Rachel raised her shoulders, nodding vehemently. “I know.”

“And you have to give everything back. You still have their things, right?”

“I do. And I will.”

“How?”

“It’s all in a box. It’s in my car now. I’m going to take it to Prairie View.”

She could hardly trust her. “When?”

Rachel closed her hand around her arm and Sarah let it stay. “Today, on my way out. I have to leave this place.”

Sarah nodded. If you dug in the dirt, scratched deep, this town shared plenty of blame for the woman she’d become. It could hardly give her what she needed now. It couldn’t give Sarah what she needed either.

Rachel dug through her purse and pulled out a small purple satin bag with a ribbon drawstring. “This is for you,” she said, carefully laying it in her lap.

Sarah eyed the bag suspiciously.

“I didn’t steal it if that’s what you’re thinking. It was a present from my grandma.”

Sarah reluctantly loosened the ribbon and unwrapped the layers of faded cloth to find a teardrop opal on a silver chain.

Rachel stared longingly at the gift she was giving. “I’ve had this since I was a little girl. My grandma was wearing it when she carried me to bed. She told me I had her eyes. The next morning it was tucked in her handkerchief under my pillow. It was her last visit; my father saw to that.”

The opal had a rich pearly lustre, the chain as delicate as silver thread. “Why are you giving this to me, Rachel? This should be something you keep.”

“I don’t need a pendant to remember her. And I want this for you.”

“But why?”

“Because of your kindness. Because of the way you’ve treated me. Because it’s all I have to give.”

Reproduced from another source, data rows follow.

text \<open>R : mu = rho^(0) -> ... -> rho^(l) = nu, given as the list [rho^(0), ..., rho^(l)].\<close>
definition is_box_sequence :: "nat list list \<Rightarrow> nat list \<Rightarrow> nat list \<Rightarrow> bool" where
  "is_box_sequence R mu nu \<longleftrightarrow> R \<noteq> [] \<and> hd R = mu \<and> last R = nu \<and>
     (\<forall>\<rho>\<in>set R. is_partition \<rho>) \<and>
     (\<forall>i. Suc i < length R \<longrightarrow> adds_box (R ! i) (R ! Suc i))"

definition seq_row :: "nat list list \<Rightarrow> nat \<Rightarrow> nat" where
  "seq_row R i = added_row (R ! (i - 1)) (R ! i)"

definition reverse_tableau :: "nat list \<Rightarrow> (nat \<times> nat \<Rightarrow> nat) \<Rightarrow> bool" where
  "reverse_tableau lam T \<longleftrightarrow>
     (\<forall>\<alpha>\<in>diagram lam. 0 < T \<alpha>) \<and>
     (\<forall>i j. (i, j) \<in> diagram lam \<and> (i, Suc j) \<in> diagram lam \<longrightarrow> T (i, Suc j) \<le> T (i, j)) \<and>
     (\<forall>i j. (i, j) \<in> diagram lam \<and> (Suc i, j) \<in> diagram lam \<longrightarrow> T (Suc i, j) < T (i, j))"

definition col_prec :: "nat \<times> nat \<Rightarrow> nat \<times> nat \<Rightarrow> bool" where
  "col_prec \<alpha> \<beta> \<longleftrightarrow> snd \<alpha> < snd \<beta> \<or> (snd \<alpha> = snd \<beta> \<and> fst \<beta> < fst \<alpha>)"

text \<open>(T, A) in T(lam, R): A = [alpha_1, ..., alpha_l] are the chosen (barred) boxes.\<close>
definition in_TT :: "nat list \<Rightarrow> nat list list \<Rightarrow> (nat \<times> nat \<Rightarrow> nat) \<Rightarrow> (nat \<times> nat) list \<Rightarrow> bool" where
  "in_TT lam R T A \<longleftrightarrow> reverse_tableau lam T \<and> length A + 1 = length R \<and>
     set A \<subseteq> diagram lam \<and> sorted_wrt col_prec A \<and>
     (\<forall>i. 1 \<le> i \<and> i \<le> length A \<longrightarrow> T (A ! (i - 1)) = seq_row R i)"

definition rho_at :: "nat list list \<Rightarrow> (nat \<times> nat) list \<Rightarrow> nat \<times> nat \<Rightarrow> nat list" where
  "rho_at R A \<alpha> = R ! length (filter (\<lambda>\<beta>. col_prec \<beta> \<alpha>) A)"

definition nu_bounded :: "nat list \<Rightarrow> nat list \<Rightarrow> (nat \<times> nat \<Rightarrow> nat) \<Rightarrow> bool" where
  "nu_bounded nu lam T \<longleftrightarrow> (\<forall>j. 1 \<le> j \<and> j \<le> rowlen lam 1 \<longrightarrow> T (1, j) \<le> collen nu j)"

end

theory Submission
  imports Defs
begin

(* Walk through the boxes of lam in column order.  Before a box alpha the
   current diagram is rho(alpha) = rho_at R A alpha; right after it (i.e. counting alpha
   itself if it is barred) it is rho_after R A alpha.  We show the growth invariant

      c(alpha) + 1 <= length of row T(alpha) of rho_after R A alpha        (i, j) in lam

   by induction on the column j.  Going from (i,j) to (i,j+1) the diagram can only grow
   and T can only decrease, so row T(i,j+1) of rho(i,j+1) already has length >= c(i,j+1).
   A barred box then adds a box precisely in row T(i,j+1); for an unbarred box the
   nonvanishing factor a_{T - rho_T} - a_{T - c} forbids equality.  For alpha = (1,j) this
   gives j <= (row T(1,j) of nu), and since nu is a partition, column j of nu has at least
   T(1,j) boxes: T is nu-bounded. *)

definition rho_after :: "nat list list \<Rightarrow> (nat \<times> nat) list \<Rightarrow> nat \<times> nat \<Rightarrow> nat list" where
  "rho_after R A \<alpha> = R ! length (filter (\<lambda>\<beta>. col_prec \<beta> \<alpha> \<or> \<beta> = \<alpha>) A)"

lemma filter_preceding_nth:
  assumes sorted: "sorted_wrt r xs" and p: "p < length xs"
    and irrefl: "\<And>x. \<not> r x x" and asym: "\<And>x y. r x y \<Longrightarrow> \<not> r y x"
  shows "filter (\<lambda>y. r y (xs ! p)) xs = take p xs"
    and "filter (\<lambda>y. r y (xs ! p) \<or> y = xs ! p) xs = take (Suc p) xs"
proof -
  have split: "xs = take p xs @ xs ! p # drop (Suc p) xs"
    using p by (simp add: id_take_nth_drop)
  then have before: "\<forall>y\<in>set (take p xs). r y (xs ! p)"
    and after: "\<forall>y\<in>set (drop (Suc p) xs). r (xs ! p) y"
    using sorted sorted_wrt_append[of r "take p xs" "xs ! p # drop (Suc p) xs"] by auto
  have after_not: "\<not> r y (xs ! p)" "y \<noteq> xs ! p" if "y \<in> set (drop (Suc p) xs)" for y
    using after that asym irrefl by blast+
  have "filter (\<lambda>y. r y (xs ! p)) (take p xs @ xs ! p # drop (Suc p) xs) = take p xs"
    using before after_not irrefl by (simp add: filter_empty_conv)
  then show "filter (\<lambda>y. r y (xs ! p)) xs = take p xs"
    using split by simp
  have "filter (\<lambda>y. r y (xs ! p) \<or> y = xs ! p) (take p xs @ xs ! p # drop (Suc p) xs)
      = take p xs @ [xs ! p]"
    using before after_not by (simp add: filter_empty_conv)
  then show "filter (\<lambda>y. r y (xs ! p) \<or> y = xs ! p) xs = take (Suc p) xs"
    using split p by (simp add: take_Suc_conv_app_nth)
qed

lemma length_filter_mono:
  "(\<And>x. P x \<Longrightarrow> Q x) \<Longrightarrow> length (filter P xs) \<le> length (filter Q xs)"
  by (induction xs) auto

lemma col_prec_irrefl: "\<not> col_prec \<alpha> \<alpha>"
  by (auto simp: col_prec_def)

lemma col_prec_asym: "col_prec \<alpha> \<beta> \<Longrightarrow> \<not> col_prec \<beta> \<alpha>"
  by (auto simp: col_prec_def)

lemma rho_at_rho_after_chosen:
  assumes "sorted_wrt col_prec A" "p < length A"
  shows "rho_at R A (A ! p) = R ! p" and "rho_after R A (A ! p) = R ! Suc p"
  using filter_preceding_nth[OF assms col_prec_irrefl col_prec_asym] assms(2)
  by (simp_all add: rho_at_def rho_after_def)

lemma rho_after_unchosen: "\<alpha> \<notin> set A \<Longrightarrow> rho_after R A \<alpha> = rho_at R A \<alpha>"
  unfolding rho_after_def rho_at_def by (metis (mono_tags, lifting) filter_cong)

lemma added_row_eq: "adds_box_in_row rho sigma k \<Longrightarrow> added_row rho sigma = k"
  unfolding added_row_def by (rule the_equality) (auto simp: adds_box_in_row_def)

lemma adds_box_added_row:
  "adds_box rho sigma \<Longrightarrow> rowlen sigma (added_row rho sigma) = rowlen rho (added_row rho sigma) + 1"
  unfolding adds_box_def using added_row_eq by (fastforce simp: adds_box_in_row_def)

lemma box_sequence_rowlen_mono:
  assumes "is_box_sequence R mu nu" "k \<le> k'" "k' < length R"
  shows "rowlen (R ! k) r \<le> rowlen (R ! k') r"
  using assms(2,3)
proof (induction k')
  case 0
  then show ?case by simp
next
  case (Suc k')
  have step: "rowlen (R ! k') r \<le> rowlen (R ! Suc k') r"
    using assms(1) Suc.prems(2)
    unfolding is_box_sequence_def adds_box_def adds_box_in_row_def by (metis le_add1 order_refl)
  show ?case
    using Suc step by (cases "k = Suc k'") auto
qed

lemma partition_rowlen_antimono:
  assumes "is_partition lam" "1 \<le> k" "k \<le> k'"
  shows "rowlen lam k' \<le> rowlen lam k"
proof (cases "k' \<le> length lam")
  case True
  then show ?thesis
    using assms sorted_wrt_nth_less[of "(\<ge>)" lam "k - 1" "k' - 1"]
    unfolding is_partition_def rowlen_def by (cases "k = k'") auto
qed (simp add: rowlen_def)

lemma diagram_finite: "finite (diagram lam)"
proof -
  have "diagram lam \<subseteq> (SIGMA i:{1..length lam}. {1..rowlen lam i})"
    by (auto simp: diagram_def rowlen_def split: if_splits)
  then show ?thesis by (rule finite_subset) auto
qed

lemma collen_ge_row:
  assumes "is_partition nu" "1 \<le> j" "j \<le> rowlen nu t"
  shows "t \<le> collen nu j"
proof -
  have sub: "{1..t} \<subseteq> {i. (i, j) \<in> diagram nu}"
  proof
    fix k assume "k \<in> {1..t}"
    then have "1 \<le> k" "rowlen nu t \<le> rowlen nu k"
      using partition_rowlen_antimono[OF assms(1)] by auto
    then show "k \<in> {i. (i, j) \<in> diagram nu}"
      using assms(2,3) by (simp add: diagram_def)
  qed
  have "{i. (i, j) \<in> diagram nu} \<subseteq> {..length nu}"
    using assms(2) by (auto simp: diagram_def rowlen_def split: if_splits)
  then have "finite {i. (i, j) \<in> diagram nu}"
    by (rule finite_subset) simp
  then show ?thesis
    unfolding collen_def using card_mono[OF _ sub] by simp
qed

lemma rho_at_partition:
  assumes "is_box_sequence R mu nu" "in_TT lam R T A"
  shows "is_partition (rho_at R A \<alpha>)"
  using assms unfolding is_box_sequence_def in_TT_def rho_at_def
  by (metis Suc_eq_plus1 le_imp_less_Suc length_filter_le nth_mem order.strict_trans1)

text \<open>Processing one box: if row T(alpha) of rho(alpha) reaches the content of alpha, then
  afterwards it exceeds it -- a chosen box is added in exactly that row, and for an
  unchosen box equality is excluded by hypothesis.\<close>
lemma rho_after_exceeds_content:
  assumes seq: "is_box_sequence R mu nu" and TT: "in_TT lam R T A"
    and avoid: "\<alpha> \<notin> set A \<Longrightarrow> int (rowlen (rho_at R A \<alpha>) (T \<alpha>)) \<noteq> content \<alpha>"
    and before: "content \<alpha> \<le> int (rowlen (rho_at R A \<alpha>) (T \<alpha>))"
  shows "content \<alpha> + 1 \<le> int (rowlen (rho_after R A \<alpha>) (T \<alpha>))"
proof (cases "\<alpha> \<in> set A")
  case True
  then obtain p where p: "p < length A" "A ! p = \<alpha>"
    by (auto simp: in_set_conv_nth)
  have sorted: "sorted_wrt col_prec A" and lenA: "length A + 1 = length R"
    using TT by (auto simp: in_TT_def)
  have barred: "\<forall>i. 1 \<le> i \<and> i \<le> length A \<longrightarrow> T (A ! (i - 1)) = seq_row R i"
    using TT by (simp add: in_TT_def)
  have "T (A ! (Suc p - 1)) = seq_row R (Suc p)"
    using spec[OF barred, of "Suc p"] p(1) by simp
  then have "T \<alpha> = added_row (R ! p) (R ! Suc p)"
    using p(2) by (simp add: seq_row_def)
  moreover have "adds_box (R ! p) (R ! Suc p)"
    using seq p(1) lenA by (simp add: is_box_sequence_def)
  ultimately have "rowlen (R ! Suc p) (T \<alpha>) = rowlen (R ! p) (T \<alpha>) + 1"
    using adds_box_added_row by simp
  then show ?thesis
    using before rho_at_rho_after_chosen[OF sorted p(1)] p(2) by simp
next
  case False
  then show ?thesis
    using avoid before rho_after_unchosen[OF False] by simp
qed
(* Let $d=2b$ be even, $d\geq 4$. Then every half-edge of every $d$-branching mobile has even weight (in $\{0,\dots,d-2\}$). Similarly, for every face-rooted $d$-angulation admitting a $d/(d-2)$-orientation, its minimal $d/(d-2)$-orientation has only even weights.
   Context: A map is a connected finite graph (loops and multiple edges allowed) embedded in the oriented sphere up to orientation-preserving homeomorphism; a $d$-angulation has all faces of degree $d$. A face-rooted map has a marked root-face; vertices and edges incident to it are outer, others inner. A biorientation assigns to each half-edge a direction (ingoing toward its vertex, or outgoing); an edge is $i$-way if $i$ of its half-edges are ingoing. Directed paths follow 2-way edges or 1-way edges toward their ingoing half-edge; a circuit is a simple closed directed path; it is counterclockwise if the root-face is on its right; a biorientation is minimal if it has no counterclockwise circuit. An $\mathbb N$-biorientation gives weights in $\{0,1,2,\dots\}$ to half-edges, positive on ingoing and zero on outgoing ones; edge weight = sum of the two half-edge weights; vertex weight = sum of weights of incident ingoing half-edges. A $d/(d-2)$-orientation of a face-rooted $d$-angulation is an $\mathbb N$-biorientation with inner edges of weight $d-2$, inner vertices of weight $d$, outer edges of weight $1$, outer vertices of weight $1$; if one exists, there is a unique minimal one. A mobile is a plane tree whose vertices are black or white (not necessarily properly), black vertices possibly carrying dangling half-edges (buds). An $\mathbb N$-mobile gives each non-bud half-edge a weight in $\{0,1,2,\dots\}$, positive if incident to a white vertex, zero if incident to a black vertex; vertex weight = sum of weights of incident non-bud half-edges; black-vertex degree counts buds. A $d$-branching mobile is an $\mathbb N$-mobile with all black vertices of degree $d$, all white vertices of weight $d$, all edges of weight $d-2$. *)

theory Defs
  imports "HOL-Combinatorics.Permutations" "HOL-Combinatorics.Orbits"
begin

text \<open>A map is encoded by a finite set of half-edges (darts) D, a fixed-point-free
involution alpha (pairing the two half-edges of an edge) and a permutation sigma
(the counterclockwise rotation of the half-edges around their vertex).
With this convention the face containing dart h (as an orbit of sigma o alpha) is the face
lying on the right of h when h is traversed from its vertex towards the other end.\<close>

definition verts :: "'d set \<Rightarrow> ('d \<Rightarrow> 'd) \<Rightarrow> 'd set set" where
  "verts D \<sigma> = orbit \<sigma> ` D"

definition edges :: "'d set \<Rightarrow> ('d \<Rightarrow> 'd) \<Rightarrow> 'd set set" where
  "edges D \<alpha> = orbit \<alpha> ` D"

Sarah looked down at her hands. Slowly, reluctantly, she lifted the pendant to her throat. With trembling fingers, she opened the clasp and felt it click into place.

Rachel’s eyes glistened. “It looks beautiful. I won’t forget you.”

Sarah had to look away, afraid she might cry herself. The weight of the stone near her heart felt too heavy.

“I should go,” Rachel said, gathering her purse, pulling herself up.

“Yes. You should go,” she heard herself say. She closed her eyes, kneading her temples with the tips of her fingers. When she opened her eyes again, Carter was at her side, sweaty and panting, the older boys whizzing across the field on their shiny bikes.

“Aw,” he whined miserably. “How come Rachel left too?”

She gathered her son into her arms and held him so tight he yelped in protest. “Show me how you can climb the pole?” she whispered. She cupped his hand in hers, letting him drag her away from that sad, hurtful place.